Creative Writing

Belated Mourning – A Poem

My mother came to meet me once,

Holding a potted plant.

Was it Daisy or Chrysanthemum?

I couldn’t care less!

She said it will do me good,

 To have another life around my room.

Something I can grow and adore,

 A memento that reminds me of home.

When she left, I looked at the flowerpot,

 I was dismayed, I did not want to keep it, no.

It was a pang of the past-

 How could I nurture a woe to my heart?

It wasn’t easy! it wasn’t just!

To be reminded of memories that rust.

To revisit the sadness and the pain,

For, I had lost more at home than I had gained.

My home was not made of happiness,

It was made of stone-cold walls,

It gnawed my heart,

Claimed my sanity in exchange for shelter.

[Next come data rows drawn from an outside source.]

(* Let $(V,Y_V)$ be a vertex algebra, $(M,Y_M)$ a $V$-module equipped with an operator $d$ satisfying $[d,Y_M(v,z)]=\frac{d}{dz}Y_M(v,z)$, and let $\overline V=V\oplus M$ be the vertex algebra with $$Y(v_1+m_1,z)(v_2+m_2)=Y_V(v_1,z)v_2+Y_M(v_1,z)m_2+e^{zd}Y_M(v_2,-z)m_1 .$$ Let $M_2,M_3$ be $V$-modules and let $\mathcal Y(\cdot,z)$ be an intertwining operator of type $\binom{M_3}{M\ \ M_2}$ (compatible with $d$, i.e. $\mathcal Y(dm,z)=\frac{d}{dz}\mathcal Y(m,z)$) involving only integral powers of $z$, i.e. $\mathcal Y(m,z)m_2\in M_3((z))$. Then $$Y_{M_2\oplus M_3}(v+m,z)(m_2+m_3)=Y(v,z)(m_2+m_3)+\mathcal Y(m,z)m_2\qquad(v\in V,\ m\in M,\ m_i\in M_i)$$ defines a $\overline V$-module structure on $M_2\oplus M_3$.
   Context: Here $Y(v,z)$ on $M_2\oplus M_3$ denotes the direct sum of the module vertex operators of $M_2$ and $M_3$. In the module structure the elements of $M$ act on $M_2$ via $\mathcal Y$ and act by zero on $M_3$. *)

theory Defs
  imports Complex_Main "HOL-Library.Product_Plus"
begin

text \<open>Formal distributions are encoded by their modes: Y v n w is the coefficient
 v_n w of z^(-n-1) in Y(v,z)w.  Vector spaces over a field k of characteristic 0
 are additive groups with an explicit scalar multiplication.\<close>

definition fsum :: "(nat \<Rightarrow> 'a::comm_monoid_add) \<Rightarrow> 'a" where
  "fsum f = sum f {i. f i \<noteq> 0}"

text \<open>Borcherds (component form of the Jacobi) identity:
 sum_i binom(p,i) (u_(r+i) v)_(p+q-i) w
   = sum_i (-1)^i binom(r,i) (u_(p+r-i) v_(q+i) w - (-1)^r v_(q+r-i) u_(p+i) w).\<close>
definition borcherds ::
  "('k::field_char_0 \<Rightarrow> 't::ab_group_add \<Rightarrow> 't) \<Rightarrow>
   ('u \<Rightarrow> int \<Rightarrow> 'v \<Rightarrow> 'x) \<Rightarrow> ('x \<Rightarrow> int \<Rightarrow> 'w \<Rightarrow> 't) \<Rightarrow>
   ('v \<Rightarrow> int \<Rightarrow> 'w \<Rightarrow> 'w1) \<Rightarrow> ('u \<Rightarrow> int \<Rightarrow> 'w1 \<Rightarrow> 't) \<Rightarrow>
   ('u \<Rightarrow> int \<Rightarrow> 'w \<Rightarrow> 'w2) \<Rightarrow> ('v \<Rightarrow> int \<Rightarrow> 'w2 \<Rightarrow> 't) \<Rightarrow> bool" where
  "borcherds s A B C D E F \<longleftrightarrow>
    (\<forall>u v w p q r.
      fsum (\<lambda>i. s ((of_int p) gchoose i) (B (A u (r + int i) v) (p + q - int i) w)) =
      fsum (\<lambda>i. s ((-1) ^ i * ((of_int r) gchoose i)) (D u (p + r - int i) (C v (q + int i) w))
              - s ((-1) ^ i * ((of_int r) gchoose i) * ((-1) powi r)) (F v (q + r - int i) (E u (p + int i) w))))"

definition va_module ::
  "('k::field_char_0 \<Rightarrow> 'v::ab_group_add \<Rightarrow> 'v) \<Rightarrow> ('k \<Rightarrow> 'w::ab_group_add \<Rightarrow> 'w) \<Rightarrow>
   'v \<Rightarrow> ('v \<Rightarrow> int \<Rightarrow> 'v \<Rightarrow> 'v) \<Rightarrow> ('v \<Rightarrow> int \<Rightarrow> 'w \<Rightarrow> 'w) \<Rightarrow> bool" where
  "va_module sV sW one YV YW \<longleftrightarrow>
    Vector_Spaces.vector_space sV \<and> Vector_Spaces.vector_space sW \<and>
    (\<forall>v n. Vector_Spaces.linear sW sW (YW v n)) \<and>
    (\<forall>n w. Vector_Spaces.linear sV sW (\<lambda>v. YW v n w)) \<and>
    (\<forall>v w. \<exists>N. \<forall>n\<ge>N. YW v n w = 0) \<and>
    (\<forall>n w. YW one n w = (if n = -1 then w else 0)) \<and>
    borcherds sW YV YW YW YW YW YW"

definition vertex_algebra ::
  "('k::field_char_0 \<Rightarrow> 'v::ab_group_add \<Rightarrow> 'v) \<Rightarrow> 'v \<Rightarrow> ('v \<Rightarrow> int \<Rightarrow> 'v \<Rightarrow> 'v) \<Rightarrow> bool" where
  "vertex_algebra sV one YV \<longleftrightarrow>
    va_module sV sV one YV YV \<and>
    (\<forall>v n. n \<ge> 0 \<longrightarrow> YV v n one = 0) \<and> (\<forall>v. YV v (-1) one = v)"

text \<open>Intertwining operator of type (M3; M M2) with integral powers of z,
 satisfying the d-derivative property  I(d m, z) = d/dz I(m, z),
 i.e. (d m)_n = -n m_(n-1).\<close>
definition intertwining ::
  "('k::field_char_0 \<Rightarrow> 'v::ab_group_add \<Rightarrow> 'v) \<Rightarrow> ('k \<Rightarrow> 'm::ab_group_add \<Rightarrow> 'm) \<Rightarrow>
   ('k \<Rightarrow> 'm2::ab_group_add \<Rightarrow> 'm2) \<Rightarrow> ('k \<Rightarrow> 'm3::ab_group_add \<Rightarrow> 'm3) \<Rightarrow>
   ('v \<Rightarrow> int \<Rightarrow> 'm \<Rightarrow> 'm) \<Rightarrow> ('v \<Rightarrow> int \<Rightarrow> 'm2 \<Rightarrow> 'm2) \<Rightarrow> ('v \<Rightarrow> int \<Rightarrow> 'm3 \<Rightarrow> 'm3) \<Rightarrow>
   ('m \<Rightarrow> 'm) \<Rightarrow> ('m \<Rightarrow> int \<Rightarrow> 'm2 \<Rightarrow> 'm3) \<Rightarrow> bool" where
  "intertwining sV sM sM2 sM3 YM YM2 YM3 d I \<longleftrightarrow>
    (\<forall>m n. Vector_Spaces.linear sM2 sM3 (I m n)) \<and>
    (\<forall>n w. Vector_Spaces.linear sM sM3 (\<lambda>m. I m n w)) \<and>
    (\<forall>m w. \<exists>N. \<forall>n\<ge>N. I m n w = 0) \<and>
    (\<forall>m n w. I (d m) n w = sM3 (- of_int n) (I m (n - 1) w)) \<and>
    borcherds sM3 YM I I YM3 YM2 I"

definition sprod :: "('k \<Rightarrow> 'a \<Rightarrow> 'a) \<Rightarrow> ('k \<Rightarrow> 'b \<Rightarrow> 'b) \<Rightarrow> 'k \<Rightarrow> 'a \<times> 'b \<Rightarrow> 'a \<times> 'b" where
  "sprod s1 s2 c x = (s1 c (fst x), s2 c (snd x))"

text \<open>Vertex operator of Vbar = V + M:
 Y(v1+m1,z)(v2+m2) = Y_V(v1,z)v2 + Y_M(v1,z)m2 + e^(zd) Y_M(v2,-z) m1.
 The z^(-n-1) coefficient of the last term is
 sum_j (-1)^(n+j+1)/j! d^j ((v2)_(n+j) m1).\<close>
definition Ybar ::
  "('k::field_char_0 \<Rightarrow> 'm::ab_group_add \<Rightarrow> 'm) \<Rightarrow> ('v \<Rightarrow> int \<Rightarrow> 'v \<Rightarrow> 'v) \<Rightarrow>
   ('v \<Rightarrow> int \<Rightarrow> 'm \<Rightarrow> 'm) \<Rightarrow> ('m \<Rightarrow> 'm) \<Rightarrow> 'v \<times> 'm \<Rightarrow> int \<Rightarrow> 'v \<times> 'm \<Rightarrow> 'v \<times> 'm" where
  "Ybar sM YV YM d x n y =
     (YV (fst x) n (fst y),
      YM (fst x) n (snd y) +
      fsum (\<lambda>j. sM (((-1) powi (n + int j + 1)) / fact j) ((d ^^ j) (YM (fst y) (n + int j) (snd x)))))"

definition Ysum ::
  "('v \<Rightarrow> int \<Rightarrow> 'm2 \<Rightarrow> 'm2) \<Rightarrow> ('v \<Rightarrow> int \<Rightarrow> 'm3::plus \<Rightarrow> 'm3) \<Rightarrow> ('m \<Rightarrow> int \<Rightarrow> 'm2 \<Rightarrow> 'm3) \<Rightarrow>
   'v \<times> 'm \<Rightarrow> int \<Rightarrow> 'm2 \<times> 'm3 \<Rightarrow> 'm2 \<times> 'm3" where
  "Ysum YM2 YM3 I x n y =
     (YM2 (fst x) n (fst y), YM3 (fst x) n (snd y) + I (snd x) n (fst y))"

end

theory Submission
  imports Defs "HOL-Computational_Algebra.Formal_Power_Series"
begin

(* Linearity,
   truncation and the vacuum property are inherited componentwise from M2, M3 and I.  For the
   Borcherds identity write u = v1 + m1, v = v2 + m2, w = w2 + w3 and expand both sides: the
   M2-component is the Borcherds identity of M2, and the M3-component splits into three:
     (1) the Borcherds identity of M3 for v1, v2;
     (2) the Borcherds identity of I for v1 acting and m2 intertwining;
     (3) a "skew" Borcherds identity for the right action of v2 on m1 inside V-bar, that is, for
         the modes of e^(zd) Y_M(v2,-z) m1, inserted into I.  By I(d m, z) = d/dz I(m, z), inserting d^j/j! into I
   is a binomial shift of modes; a Vandermonde-type convolution then collapses the resulting
   double sum to the left side of the Borcherds identity of I with p and q exchanged, and that
   identity read in the opposite order is exactly (3). *)

lemmas vs_scale_zero_right = module.scale_zero_right[OF module_iff_vector_space[THEN iffD2]]
  and vs_scale_right_distrib = module.scale_right_distrib[OF module_iff_vector_space[THEN iffD2]]
  and vs_scale_right_diff_distrib = module.scale_right_diff_distrib[OF module_iff_vector_space[THEN iffD2]]
  and vs_scale_scale = module.scale_scale[OF module_iff_vector_space[THEN iffD2]]
  and vs_scale_one = module.scale_one[OF module_iff_vector_space[THEN iffD2]]
  and vs_scale_minus_left = module.scale_minus_left[OF module_iff_vector_space[THEN iffD2]]
  and vs_scale_sum_right = module.scale_sum_right[OF module_iff_vector_space[THEN iffD2]]
  and vs_scale_sum_left = module.scale_sum_left[OF module_iff_vector_space[THEN iffD2]]

lemmas lin_zero = module_hom.zero[OF module_hom_linearI]
  and lin_add = module_hom.add[OF module_hom_linearI]
  and lin_scale = module_hom.scale[OF module_hom_linearI]
  and lin_sum = module_hom.sum[OF module_hom_linearI]

lemma funpow_linear_zero:
  assumes "Vector_Spaces.linear s s f"
  shows "(f ^^ j) 0 = 0"
  by (induction j) (simp_all add: lin_zero[OF assms])

(* A nonzero scalar acts injectively; this lets fsum commute with such a scalar. *)
lemma vs_scale_eq_0_iff:
  assumes "vector_space s" and "c \<noteq> 0"
  shows "s c x = 0 \<longleftrightarrow> x = 0"
  using vs_scale_scale[OF assms(1), of "inverse c" c x] assms
  by (auto simp: vs_scale_zero_right vs_scale_one)

lemma vector_space_sprod:
  assumes "vector_space s1" and "vector_space s2"
  shows "vector_space (sprod s1 s2)"
  using assms unfolding vector_space_def sprod_def by simp

lemma fsum_eq_sum:
  assumes "\<forall>n\<ge>N. f n = 0"
  shows "fsum f = sum f {..<N}"
  unfolding fsum_def
proof (rule sum.mono_neutral_left)
  show "{i. f i \<noteq> 0} \<subseteq> {..<N}"
    using assms by (auto simp: not_less[symmetric])
qed auto

lemma fsum_scale_nonzero:
  assumes "vector_space s" and "c \<noteq> 0"
  shows "fsum (\<lambda>i. s c (f i)) = s c (fsum f)"
  unfolding fsum_def by (simp add: vs_scale_eq_0_iff[OF assms] vs_scale_sum_right[OF assms(1)])

(* fsum is additive and componentwise on finitely supported families: the shape in which the
   modes of Ysum split into a first component and three contributions to the second. *)
lemma fsum_Pair_add3:
  assumes "\<forall>\<^sub>F i in sequentially. f i = 0 \<and> g1 i = 0 \<and> g2 i = 0 \<and> g3 i = 0"
  shows "fsum (\<lambda>i. (f i :: 'a::comm_monoid_add, g1 i + g2 i + g3 i :: 'b::comm_monoid_add))
       = (fsum f, fsum g1 + fsum g2 + fsum g3)"
proof -
  obtain N where N: "\<forall>n\<ge>N. f n = 0 \<and> g1 n = 0 \<and> g2 n = 0 \<and> g3 n = 0"
    using assms unfolding eventually_sequentially by blast
  have "fsum (\<lambda>i. (f i, g1 i + g2 i + g3 i)) = (\<Sum>i<N. (f i, g1 i + g2 i + g3 i))"
    by (rule fsum_eq_sum) (use N in \<open>auto simp: zero_prod_def\<close>)
  also have "\<dots> = (sum f {..<N}, sum g1 {..<N} + sum g2 {..<N} + sum g3 {..<N})"
    by (simp add: prod_eq_iff fst_sum snd_sum sum.distrib)
  also have "\<dots> = (fsum f, fsum g1 + fsum g2 + fsum g3)"
    using fsum_eq_sum[of N f] fsum_eq_sum[of N g1] fsum_eq_sum[of N g2] fsum_eq_sum[of N g3] N
    by simp
  finally show ?thesis .
qed

lemma truncated_beyond_shift:
  assumes "\<exists>N. \<forall>n\<ge>N. h n = 0"
  obtains K :: nat where "\<And>n. a + int K \<le> n \<Longrightarrow> h n = 0"
proof -
  obtain N where N: "\<forall>n\<ge>N. h n = 0"
    using assms by blast
  show thesis
  proof (rule that[of "nat (N - a)"])
    fix n assume "a + int (nat (N - a)) \<le> n"
    then have "N \<le> n" by linarith
    then show "h n = 0" using N by blast
  qed
qed

lemma truncated_shift_uniform:
  assumes "\<exists>N. \<forall>n\<ge>N. h n = 0"
  shows "\<forall>\<^sub>F i in sequentially. \<forall>j. h (a + int i + int j) = (0::'a::zero)"
proof -
  obtain K :: nat where K: "\<And>n. a + int K \<le> n \<Longrightarrow> h n = 0"
    using truncated_beyond_shift[OF assms, of a] by blast
  show ?thesis
    unfolding eventually_sequentially by (rule exI[of _ K]) (auto intro: K)
qed

lemma truncated_shift:
  assumes "\<exists>N. \<forall>n\<ge>N. h n = 0"
  shows "\<forall>\<^sub>F i in sequentially. h (a + int i) = (0::'a::zero)"
  using truncated_shift_uniform[OF assms, of a] by eventually_elim (metis add_0 of_nat_0 add.commute)

lemma gbinomial_alternating_convolution:
  fixes a x :: "'a::field_char_0"
  shows "(\<Sum>i\<le>k. (-1)^i * (a gchoose i) * ((x - of_nat i) gchoose (k - i))) = (x - a) gchoose k"
proof -
  have "(\<Sum>i\<le>k. (-1)^i * (a gchoose i) * ((x - of_nat i) gchoose (k - i)))
     = (\<Sum>i\<le>k. (-1)^k * ((a gchoose i) * ((of_nat k - x - 1) gchoose (k - i))))"
  proof (rule sum.cong)
    fix i assume "i \<in> {..k}"
    then have ik: "i \<le> k" by simp
    have "(x - of_nat i) gchoose (k - i)
        = (-1)^(k-i) * ((of_nat (k - i) - (x - of_nat i) - 1) gchoose (k - i))"
      by (rule gbinomial_negated_upper)
    also have "of_nat (k - i) - (x - of_nat i) - 1 = (of_nat k - x - 1 :: 'a)"
      using ik by (simp add: of_nat_diff)
    finally have negated: "(x - of_nat i) gchoose (k - i) = (-1)^(k-i) * ((of_nat k - x - 1) gchoose (k - i))" .
    have "(-1::'a)^i * (-1)^(k-i) = (-1)^k"
      using ik by (simp add: power_add[symmetric])
    then show "(-1)^i * (a gchoose i) * ((x - of_nat i) gchoose (k - i))
        = (-1)^k * ((a gchoose i) * ((of_nat k - x - 1) gchoose (k - i)))"
      unfolding negated by (metis (no_types, lifting) mult.assoc mult.left_commute)
  qed simp
  also have "\<dots> = (-1)^k * (\<Sum>i\<le>k. (a gchoose i) * ((of_nat k - x - 1) gchoose (k - i)))"
    by (simp add: sum_distrib_left)
  also have "(\<Sum>i\<le>k. (a gchoose i) * ((of_nat k - x - 1) gchoose (k - i))) = (a + (of_nat k - x - 1)) gchoose k"
    using gbinomial_Vandermonde[of a "of_nat k - x - 1" k] by (simp add: atMost_atLeast0)
  also have "(-1)^k * ((a + (of_nat k - x - 1)) gchoose k) = (x - a) gchoose k"
    by (subst gbinomial_negated_upper[of "x - a"]) (simp add: algebra_simps)
  finally show ?thesis .
qed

But then I looked at the plant,

 I thought; what’s its fault?

 It was in my hands to change everything,

I owned my life’s unbreakable reins.

I then started the drudgery-

Tending it even in my misery

A few weeks later the plant bloomed,

Beautiful daisies took away my gloom.

Looking the whites and yellows,

I shed tears.

I forgave my parents,

Let go of the sufferings they made me bear.

That day, I wore a white robe,

For the belated mourning of my childhood ghost,

Rest in peace! Oh, lost one!

I rebirthed with the colours of hope.